On Sunday, my husband came by for a visit and we drove to Apeldoorn to have lunch at Backwerk once again. I had a tuna baguette. Then we went into several shops, because I wanted to buy some new spring/summer clothes. Sorry, no pictures once again. I bought a blue, flowery skirt and three simple tops in black, white and blue.

Sunday evening was a bit hard. It started out well with the staff explaining to me who would be supporting me throughout the shift. This was repeated several times. Then, at 6PM, unexpectedly a staff who wasn’t supposed to come and whom I don’t get along with, showed up. I had a meltdown and eventually, after a bit of an explanation from the other staff and trying an activity for a few minutes, I chose alone time over time with him.

I also spent my weekend working on the #AtoZChallenge, of course. I don’t generally prepare my posts in advance, so I have lots of work to do on the day itself. I also discovered Reddit last week. That is, I had an account back in like 2008, but they changed things up a lot so that’s no longer valid. I love browsing Reddit now and commenting where I can. I haven’t created a post yet.

Overall, my weekend was mostly good with some negativity due to the unexpected staff change. For those not aware, I am autistic, so it isn’t just that I don’t get along with some staff, but if they’d told me in advance, I could have been prepared.

Brain Injury As It Relates to Intellectual and Developmental Disabilities #AtoZChallenge

Hi everyone. We’ve arrived at my letter B post in the #AtoZChallenge. I struggled with what topic to choose for this letter, but eventually settled on brain injury. As you will find out, this type of disability has a kind of controversial relationship to intellectual and developmental disabilities. After all, many people view an intellectual or developmental disability as necessarily present from birth. The American Association on Intellectual and Developmental Disabilities (AAIDD), however, considers an intellectual disability as having originated before the age of 22. In the Netherlands, the age of onset cut-of for an intellectual disability care profile in the Long-Term Care Act is 18. As such, people who acquired a brain injury in childhood affecting their ability to learn, are diagnosable as having an intellectual disability.

With respect to other developmental disabilities, such as autism, the diagnostic waters get even muddier.
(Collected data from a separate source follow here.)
(* Let $V\in\mathcal{R}$. For every generating sequence $(u_m)$ of $V$, the sequence $(\rho_{u_m})$ is nondecreasing, so $\lim_{m\to\infty}\rho_{u_m}$ exists in $[0,+\infty]$; moreover this limit is the same for all generating sequences of $V$ (in particular it equals $\lim_n\rho_{v_n}$ for the canonical generating sequence $(v_n)$ of $V$).
   Context: $\mathcal{F}$ is the set of finite words over $\{0,1\}$ that start and end with $0$. For a finite word $\alpha$, $Y(\alpha)$, $Z(\alpha)$ are the numbers of $1$s and $0$s in $\alpha$ and $\rho_\alpha=Y(\alpha)/Z(\alpha)$. For $u,v\in\mathcal{F}$, $u$ is built from $v$ if $u=v1^{a_1}v\cdots v1^{a_{q-1}}v$ for some $q\ge2$ and nonnegative integers $a_i$; it is built simply from $v$ if moreover $a_1=\dots=a_{q-1}$. A generating sequence is a sequence $(v_n)$ in $\mathcal{F}$ with $v_0=0$ and each $v_{n+1}$ built from $v_n$. An infinite word $V\in\{0,1\}^{\mathbb{N}}$ is a rank one word if there is a generating sequence $(v_n)$ with $V\upharpoonright\mathrm{lh}(v_n)=v_n$ for all $n$; $\mathcal{R}$ is the set of rank one words that are aperiodic (nondegenerate). $V$ is built from $v\in\mathcal{F}$ if $V=v1^{a_1}v1^{a_2}v\cdots$ for nonnegative integers $a_i$. An element $v\in\mathcal{F}$ belongs to the canonical generating sequence of $V$ if $V$ is built from $v$ and there are no $u,w\in\mathcal{F}$ with $\mathrm{lh}(u)<\mathrm{lh}(v)<\mathrm{lh}(w)$, $V$ built from both $u$ and $w$, $w$ built from $u$, $u$ built from $v$, and $w$ built simply from $u$; these elements, listed by increasing length, form a generating sequence of $V$ (the canonical generating sequence). *)

theory Defs
  imports "HOL-Analysis.Analysis"
begin

text \<open>Finite words over {0,1} are bool lists (False = 0, True = 1);
infinite words are functions nat => bool.\<close>

definition inF :: "bool list \<Rightarrow> bool" where
  "inF w \<longleftrightarrow> w \<noteq> [] \<and> hd w = False \<and> last w = False"

definition Yc :: "bool list \<Rightarrow> nat" where
  "Yc w = length (filter (\<lambda>b. b) w)"

definition Zc :: "bool list \<Rightarrow> nat" where
  "Zc w = length (filter (\<lambda>b. \<not> b) w)"

definition rho :: "bool list \<Rightarrow> real" where
  "rho w = real (Yc w) / real (Zc w)"

text \<open>u = v 1^(a_1) v ... 1^(a_(q-1)) v with q >= 2 (as lists: as = [a_1,...,a_(q-1)], nonempty).\<close>
definition built_from :: "bool list \<Rightarrow> bool list \<Rightarrow> bool" where
  "built_from u v \<longleftrightarrow>
     (\<exists>as :: nat list. as \<noteq> [] \<and> u = v @ concat (map (\<lambda>a. replicate a True @ v) as))"
lemma selections_gain_ge_upd:
  assumes sel: "selections_gain_ge \<pi> S p f m (Suc n) \<psi>" and go: "\<not> S \<psi>"
    and v: "Some v \<in> set_pmf (\<pi> \<psi>)" "v \<notin> dom \<psi>"
  shows "selections_gain_ge \<pi> S p f m n (\<psi>(v \<mapsto> y))"
  unfolding selections_gain_ge_def
proof (rule ballI, rule impI, rule ballI)
  fix \<phi> r
  assume \<phi>: "\<phi> \<in> set_pmf p" "consistent \<phi> (\<psi>(v \<mapsto> y))"
    and r: "r \<in> set_pmf (run \<pi> S \<phi> n (\<psi>(v \<mapsto> y)))"
  have "consistent \<phi> \<psi>" "\<phi> v = y"
    using \<phi>(2) consistent_upd[OF v(2)] by auto
  with r have "(fst r, (\<psi>, v) # snd r) \<in> set_pmf (run \<pi> S \<phi> (Suc n) \<psi>)"
    using set_pmf_run_SucI[where \<pi> = \<pi> and S = S and \<psi> = \<psi>, OF go v(1)] by blast
  with sel \<phi>(1) \<open>consistent \<phi> \<psi>\<close> show "\<forall>(\<psi>', v')\<in>set (snd r). m \<le> gain p f v' \<psi>'"
    unfolding selections_gain_ge_def by fastforce
qed

lemma selections_gain_ge_gain:
  assumes sel: "selections_gain_ge \<pi> S p f m (Suc n) \<psi>" and go: "\<not> S \<psi>"
    and v: "Some v \<in> set_pmf (\<pi> \<psi>)" and \<phi>: "\<phi> \<in> set_pmf p" "consistent \<phi> \<psi>"
  shows "m \<le> gain p f v \<psi>"
proof -
  obtain r where "r \<in> set_pmf (run \<pi> S \<phi> n (\<psi>(v \<mapsto> \<phi> v)))"
    by (meson set_pmf_not_empty ex_in_conv)
  then have "(fst r, (\<psi>, v) # snd r) \<in> set_pmf (run \<pi> S \<phi> (Suc n) \<psi>)"
    by (rule set_pmf_run_SucI[where \<pi> = \<pi> and S = S and \<psi> = \<psi>, OF go v])
  with sel \<phi> show ?thesis
    unfolding selections_gain_ge_def by fastforce
qed

lemma stop_value_le_sum_upd:
  fixes p :: "('v::finite \<Rightarrow> 'y::finite) pmf"
  assumes sel: "selections_gain_ge \<pi> S p f m (Suc n) \<psi>" and go: "\<not> S \<psi>"
    and v: "Some v \<in> set_pmf (\<pi> \<psi>)" "v \<notin> dom \<psi>"
  shows "stop_value p f m \<psi> \<le> (\<Sum>y\<in>UNIV. stop_value p f m (\<psi>(v \<mapsto> y)))"
proof -
  let ?P = "measure_pmf.prob p {\<phi>. consistent \<phi> \<psi>}"
  have "m \<le> gain p f v \<psi>" if "?P \<noteq> 0"
    using that selections_gain_ge_gain[OF sel go v(1)] by (auto simp: measure_pmf_zero_iff)
  then have "0 \<le> (gain p f v \<psi> - m) * ?P"
    by (cases "?P = 0") simp_all
  then show ?thesis
    unfolding sum_stop_value_upd[OF v(2)] by simp
qed

lemma sum_pmf_mono:
  fixes M :: "'a::finite pmf"
  assumes "\<And>a. a \<in> set_pmf M \<Longrightarrow> X a \<le> Y a"
  shows "(\<Sum>a\<in>UNIV. pmf M a * X a) \<le> (\<Sum>a\<in>UNIV. pmf M a * Y a)"
proof (rule sum_mono)
  fix a
  show "pmf M a * X a \<le> pmf M a * Y a"
    using assms[of a] by (cases "a \<in> set_pmf M") (simp_all add: mult_left_mono set_pmf_iff)
qed

lemma stop_value_le_run_value_Suc:
  fixes \<pi> :: "('v::finite, 'y::finite) policy"
  assumes \<pi>: "valid_policy \<pi>" and sel: "selections_gain_ge \<pi> S p f m (Suc n) \<psi>" and go: "\<not> S \<psi>"
    and continue: "\<And>v. Some v \<in> set_pmf (\<pi> \<psi>) \<Longrightarrow>
      (\<Sum>y\<in>UNIV. stop_value p f m (\<psi>(v \<mapsto> y))) \<le> (\<Sum>y\<in>UNIV. run_value \<pi> S p f m n (\<psi>(v \<mapsto> y)))"
  shows "stop_value p f m \<psi> \<le> run_value \<pi> S p f m (Suc n) \<psi>"
proof -
  have "stop_value p f m \<psi> = (\<Sum>a\<in>UNIV. pmf (\<pi> \<psi>) a * stop_value p f m \<psi>)"
    by (simp add: sum_pmf_eq_1 flip: sum_distrib_right)
  also have "\<dots> \<le> run_value \<pi> S p f m (Suc n) \<psi>"
    unfolding run_value_Suc[where S = S and \<psi> = \<psi>, OF \<pi> go]
  proof (rule sum_pmf_mono)
    fix a
    assume a: "a \<in> set_pmf (\<pi> \<psi>)"
    show "stop_value p f m \<psi> \<le> (case a of None \<Rightarrow> stop_value p f m \<psi>
        | Some v \<Rightarrow> \<Sum>y\<in>UNIV. run_value \<pi> S p f m n (\<psi>(v \<mapsto> y)))"
    proof (cases a)
      case (Some v)
      with a \<pi> have "v \<notin> dom \<psi>"
        by (auto simp: valid_policy_def)
      with a Some have "stop_value p f m \<psi> \<le> (\<Sum>y\<in>UNIV. stop_value p f m (\<psi>(v \<mapsto> y)))"
        using stop_value_le_sum_upd[OF sel go] by blast
      also have "\<dots> \<le> (\<Sum>y\<in>UNIV. run_value \<pi> S p f m n (\<psi>(v \<mapsto> y)))"
        using continue a Some by blast
      finally show ?thesis
        using Some by simp
    qed simp
  qed
  finally show ?thesis .
qed

lemma run_value_earlier_stop_le:
  fixes \<pi> :: "('v::finite, 'y::finite) policy"
  assumes \<pi>: "valid_policy \<pi>" and earlier: "\<And>\<psi>. S \<psi> \<Longrightarrow> S' \<psi>"
    and sel: "selections_gain_ge \<pi> S p f m n \<psi>"
  shows "run_value \<pi> S' p f m n \<psi> \<le> run_value \<pi> S p f m n \<psi>"
  using earlier sel
proof (induction n arbitrary: \<psi> S')
  case 0
  then show ?case by (simp add: run_value_0)
next
  case (Suc n)
  show ?case
  proof (cases "S \<psi>")
    case True
    with Suc.prems(1) show ?thesis by (simp add: run_value_stop)
  next
    case go: False
    have continue: "(\<Sum>y\<in>UNIV. run_value \<pi> S'' p f m n (\<psi>(v \<mapsto> y))) \<le>
        (\<Sum>y\<in>UNIV. run_value \<pi> S p f m n (\<psi>(v \<mapsto> y)))"
      if v: "Some v \<in> set_pmf (\<pi> \<psi>)" and earlier: "\<And>\<psi>. S \<psi> \<Longrightarrow> S'' \<psi>" for v S''
    proof -
      from v \<pi> have "v \<notin> dom \<psi>"
        by (auto simp: valid_policy_def)
      then show ?thesis
        using Suc.IH[where S' = S'', OF earlier] selections_gain_ge_upd[OF Suc.prems(2) go v]
        by (intro sum_mono) blast
    qed
    show ?thesis
    proof (cases "S' \<psi>")
      case True
      have "stop_value p f m \<psi> \<le> run_value \<pi> S p f m (Suc n) \<psi>"
        using continue[where S'' = "\<lambda>_. True"]
        by (intro stop_value_le_run_value_Suc[OF \<pi> Suc.prems(2) go]) (simp add: run_value_always_stop)
      with True show ?thesis
        by (simp add: run_value_stop)
    next
      case False
      show ?thesis
        unfolding run_value_Suc[where S = S and \<psi> = \<psi>, OF \<pi> go]
          run_value_Suc[where S = S' and \<psi> = \<psi>, OF \<pi> False]
        using continue[where S'' = S', OF _ Suc.prems(1)]
        by (intro sum_pmf_mono) (auto split: option.split)
    qed
  qed
qed

lemma finite_set_pmf_exec: "finite (set_pmf (exec (\<pi> :: ('v::finite, 'y::finite) policy) S p))"
  unfolding exec_def by (auto simp: set_bind_pmf finite_set_pmf_run intro!: finite_UN_I)

definition penalized_avg :: "('v set \<Rightarrow> ('v \<Rightarrow> 'y) \<Rightarrow> real) \<Rightarrow> real
    \<Rightarrow> (('v \<Rightarrow> 'y) \<times> ('v \<rightharpoonup> 'y) \<times> (('v \<rightharpoonup> 'y) \<times> 'v) list) pmf \<Rightarrow> real"
  where "penalized_avg f m D = f_avg_of f D - m * c_avg_of D"

definition trace_gains_ge :: "(('v \<Rightarrow> 'y) \<times> ('v \<rightharpoonup> 'y) \<times> (('v \<rightharpoonup> 'y) \<times> 'v) list) pmf
    \<Rightarrow> ('v \<Rightarrow> 'y) pmf \<Rightarrow> ('v set \<Rightarrow> ('v \<Rightarrow> 'y) \<Rightarrow> real) \<Rightarrow> real \<Rightarrow> bool"
  where "trace_gains_ge D p f m \<longleftrightarrow> (\<forall>\<omega>\<in>set_pmf D. \<forall>(\<psi>, v)\<in>set (snd (snd \<omega>)). m \<le> gain p f v \<psi>)"

lemma trace_gains_ge_subset:
  "set_pmf D' \<subseteq> set_pmf D \<Longrightarrow> trace_gains_ge D p f m \<Longrightarrow> trace_gains_ge D' p f m"
  unfolding trace_gains_ge_def by blast

lemma penalized_avg_exec:
  fixes \<pi> :: "('v::finite, 'y::finite) policy"
  shows "penalized_avg f m (exec \<pi> S p) = run_value \<pi> S p f m CARD('v) Map.empty"
proof -
  have "penalized_avg f m (exec \<pi> S p) =
      measure_pmf.expectation (exec \<pi> S p) (\<lambda>(\<phi>, \<psi>, tr). penalized f m \<psi> \<phi>)"
    unfolding penalized_avg_def f_avg_of_def c_avg_of_def penalized_def split_beta
    by (simp add: integrable_measure_pmf_finite[OF finite_set_pmf_exec] Bochner_Integration.integral_diff)
  also have "\<dots> = run_value \<pi> S p f m CARD('v) Map.empty"
    unfolding exec_def run_value_def
    by (subst pmf_expectation_bind[of UNIV])
       (auto intro!: sum.cong simp: finite_set_pmf_run integral_map_pmf consistent_def split_beta)
  finally show ?thesis .
qed

lemma penalized_avg_exec_mono:
  fixes \<pi> :: "('v::finite, 'y::finite) policy"
  assumes "valid_policy \<pi>" "\<And>\<psi>. S \<psi> \<Longrightarrow> S' \<psi>" "trace_gains_ge (exec \<pi> S p) p f m"
  shows "penalized_avg f m (exec \<pi> S' p) \<le> penalized_avg f m (exec \<pi> S p)"
  unfolding penalized_avg_exec
proof (rule run_value_earlier_stop_le[OF assms(1,2)])
  show "selections_gain_ge \<pi> S p f m CARD('v) Map.empty"
    using assms(3) unfolding selections_gain_ge_def trace_gains_ge_def exec_def
    by (auto simp: set_bind_pmf)
qed

definition gains_below :: "('v \<Rightarrow> 'y) pmf \<Rightarrow> ('v set \<Rightarrow> ('v \<Rightarrow> 'y) \<Rightarrow> real) \<Rightarrow> real \<Rightarrow> ('v \<rightharpoonup> 'y) \<Rightarrow> bool"
  where "gains_below p f t \<psi> \<longleftrightarrow> (\<forall>v. v \<notin> dom \<psi> \<longrightarrow> gain p f v \<psi> < t)"

definition gains_at_most :: "('v \<Rightarrow> 'y) pmf \<Rightarrow> ('v set \<Rightarrow> ('v \<Rightarrow> 'y) \<Rightarrow> real) \<Rightarrow> real \<Rightarrow> ('v \<rightharpoonup> 'y) \<Rightarrow> bool"
  where "gains_at_most p f t \<psi> \<longleftrightarrow> (\<forall>v. v \<notin> dom \<psi> \<longrightarrow> gain p f v \<psi> \<le> t)"

lemma gains_below_imp_at_most: "gains_below p f t \<psi> \<Longrightarrow> gains_at_most p f t \<psi>"
  unfolding gains_below_def gains_at_most_def by (auto simp: less_imp_le)

lemma gains_at_most_imp_below: "t < t' \<Longrightarrow> gains_at_most p f t \<psi> \<Longrightarrow> gains_below p f t' \<psi>"
  unfolding gains_below_def gains_at_most_def by force

lemma sub_exec_eq: "sub_exec \<pi> p f \<tau> \<rho> = bernoulli_pmf \<rho> \<bind>
    (\<lambda>b. if b then exec \<pi> (gains_below p f \<tau>) p else exec \<pi> (gains_at_most p f \<tau>) p)"
  unfolding sub_exec_def gains_below_def[abs_def] gains_at_most_def[abs_def] ..

lemma expectation_sub_exec:
  fixes \<pi> :: "('v::finite, 'y::finite) policy"
    and h :: "('v \<Rightarrow> 'y) \<times> ('v \<rightharpoonup> 'y) \<times> (('v \<rightharpoonup> 'y) \<times> 'v) list \<Rightarrow> real"
  assumes "0 \<le> \<rho>" "\<rho> \<le> 1"
  shows "measure_pmf.expectation (sub_exec \<pi> p f \<tau> \<rho>) h =
    \<rho> * measure_pmf.expectation (exec \<pi> (gains_below p f \<tau>) p) h +
    (1 - \<rho>) * measure_pmf.expectation (exec \<pi> (gains_at_most p f \<tau>) p) h"
  using assms unfolding sub_exec_eq
  by (subst pmf_expectation_bind[of UNIV]) (simp_all add: finite_set_pmf_exec, simp add: UNIV_bool)

lemma penalized_avg_sub_exec:
  fixes \<pi> :: "('v::finite, 'y::finite) policy"
  assumes "0 \<le> \<rho>" "\<rho> \<le> 1"
  shows "penalized_avg g m (sub_exec \<pi> p f \<tau> \<rho>) =
    \<rho> * penalized_avg g m (exec \<pi> (gains_below p f \<tau>) p) +
    (1 - \<rho>) * penalized_avg g m (exec \<pi> (gains_at_most p f \<tau>) p)"
  unfolding penalized_avg_def f_avg_of_def c_avg_of_def expectation_sub_exec[OF assms]
  by (simp add: algebra_simps)

lemma trace_gains_ge_sub_exec:
  assumes "0 \<le> \<rho>" "\<rho> \<le> 1" and gains: "trace_gains_ge (sub_exec \<pi> p f \<tau> \<rho>) p g m"
  shows "0 < \<rho> \<Longrightarrow> trace_gains_ge (exec \<pi> (gains_below p f \<tau>) p) p g m"
    and "\<rho> < 1 \<Longrightarrow> trace_gains_ge (exec \<pi> (gains_at_most p f \<tau>) p) p g m"
proof -
  assume "0 < \<rho>"
  with assms(1,2) have "True \<in> set_pmf (bernoulli_pmf \<rho>)"
    by (simp add: set_pmf_iff)
  then have "set_pmf (exec \<pi> (gains_below p f \<tau>) p) \<subseteq> set_pmf (sub_exec \<pi> p f \<tau> \<rho>)"
    unfolding sub_exec_eq set_bind_pmf by force
  then show "trace_gains_ge (exec \<pi> (gains_below p f \<tau>) p) p g m"
    using gains by (rule trace_gains_ge_subset)
next
  assume "\<rho> < 1"
  with assms(1,2) have "False \<in> set_pmf (bernoulli_pmf \<rho>)"
    by (simp add: set_pmf_iff)
  then have "set_pmf (exec \<pi> (gains_at_most p f \<tau>) p) \<subseteq> set_pmf (sub_exec \<pi> p f \<tau> \<rho>)"
    unfolding sub_exec_eq set_bind_pmf by force
  then show "trace_gains_ge (exec \<pi> (gains_at_most p f \<tau>) p) p g m"
    using gains by (rule trace_gains_ge_subset)
qed

lemma convex_comb_ge:
  fixes \<rho> a b M :: real
  assumes "0 \<le> \<rho>" "\<rho> \<le> 1" "0 < \<rho> \<Longrightarrow> M \<le> a" "\<rho> < 1 \<Longrightarrow> M \<le> b"
  shows "M \<le> \<rho> * a + (1 - \<rho>) * b"
proof -
  have "\<rho> * M \<le> \<rho> * a"
    using assms by (cases "\<rho> = 0") (auto intro: mult_left_mono)
  moreover have "(1 - \<rho>) * M \<le> (1 - \<rho>) * b"
    using assms by (cases "\<rho> = 1") (auto intro: mult_left_mono)
  ultimately show ?thesis
    by (simp add: left_diff_distrib)
qed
I, for one, was diagnosed as autistic at age 20 despite having suffered a brain bleed as an infant. Then, ten years later, the diagnosis was removed again because apparently a brain injury no matter how early on precludes an autism diagnosis. However, I could not be diagnosed with acquired brain injury-related neuropsychological or behavioral difficulties either, because these would have required a clear before/after difference. Besides, I am blind too, so most neuropsychological testing isn’t possible on me. As a result of this, I ended up with just a regular personality disorder diagnosis. Now I’m not 100% sure I don’t have a personality disorder, but it’s certainly not all there is to me diagnostically.

In the Dutch care system, people with acquired/traumatic brain injury usually fall under physical disability service providers, unless they have really severe challenging behavior. In that case, they usually either end up in an intellectual disability facility or a psychiatric hospital. There are a few specialist mental health units for people with brain injury, but these are treatment-based, not living facilities. There are also nursing home units for people with brain injury, but these cater towards people over 65.